> [Activity]: Work through the entries below and report how many lines include "lambda". The number alone is the answer.

> [Records to process]:
lemma compact_coordinate_slice: "compact S \<Longrightarrow> compact (coordinate_slice i S)"
  unfolding coordinate_slice_def using continuous_on_reindex_snd compact_square_times_cube
  by (intro compact_Collect_continuous_mem compact_imp_closed)

lemma fst_INT_coordinate_slice:
  fixes K :: "nat \<Rightarrow> nat \<Rightarrow> nat \<Rightarrow> ((real \<times> real) \<times> (nat \<Rightarrow> real)) set"
  assumes K: "\<And>i n j. K i n j \<subseteq> square_times_cube"
  shows "fst ` (\<Inter>i. \<Inter>n. \<Union>j. coordinate_slice i (K i n j)) = (\<Inter>i. fst ` (\<Inter>n. \<Union>j. K i n j))"
proof (intro equalityI subsetI)
  fix x assume x: "x \<in> (\<Inter>i. fst ` (\<Inter>n. \<Union>j. K i n j))"
  have "\<forall>i. \<exists>y. (x, y) \<in> (\<Inter>n. \<Union>j. K i n j)"
    using x by force
  then obtain y where y: "\<And>i. (x, y i) \<in> (\<Inter>n. \<Union>j. K i n j)"
    by metis
  define z where "z k = y (fst (prod_decode k)) (snd (prod_decode k))" for k
  have "(x, y i) \<in> square_times_cube" for i
    using y[of i] K by blast
  then have "(x, z) \<in> square_times_cube" "(\<lambda>k. z (prod_encode (i, k))) = y i" for i
    by (auto simp: square_times_cube_def hilbert_cube_def z_def)
  then have "(x, z) \<in> (\<Inter>i. \<Inter>n. \<Union>j. coordinate_slice i (K i n j))"
    using y by (auto simp: coordinate_slice_def)
  then show "x \<in> fst ` (\<Inter>i. \<Inter>n. \<Union>j. coordinate_slice i (K i n j))"
    by force
next
  fix x assume "x \<in> fst ` (\<Inter>i. \<Inter>n. \<Union>j. coordinate_slice i (K i n j))"
  then obtain p where "x = fst p" "p \<in> (\<Inter>i. \<Inter>n. \<Union>j. coordinate_slice i (K i n j))"
    by blast
  then have "(x, \<lambda>k. snd p (prod_encode (i, k))) \<in> (\<Inter>n. \<Union>j. K i n j)" for i
    by (auto simp: coordinate_slice_def)
  then have "x \<in> fst ` (\<Inter>n. \<Union>j. K i n j)" for i
    by (rule image_eqI[rotated]) simp
  then show "x \<in> (\<Inter>i. fst ` (\<Inter>n. \<Union>j. K i n j))"
    by blast
qed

> [Output]: 2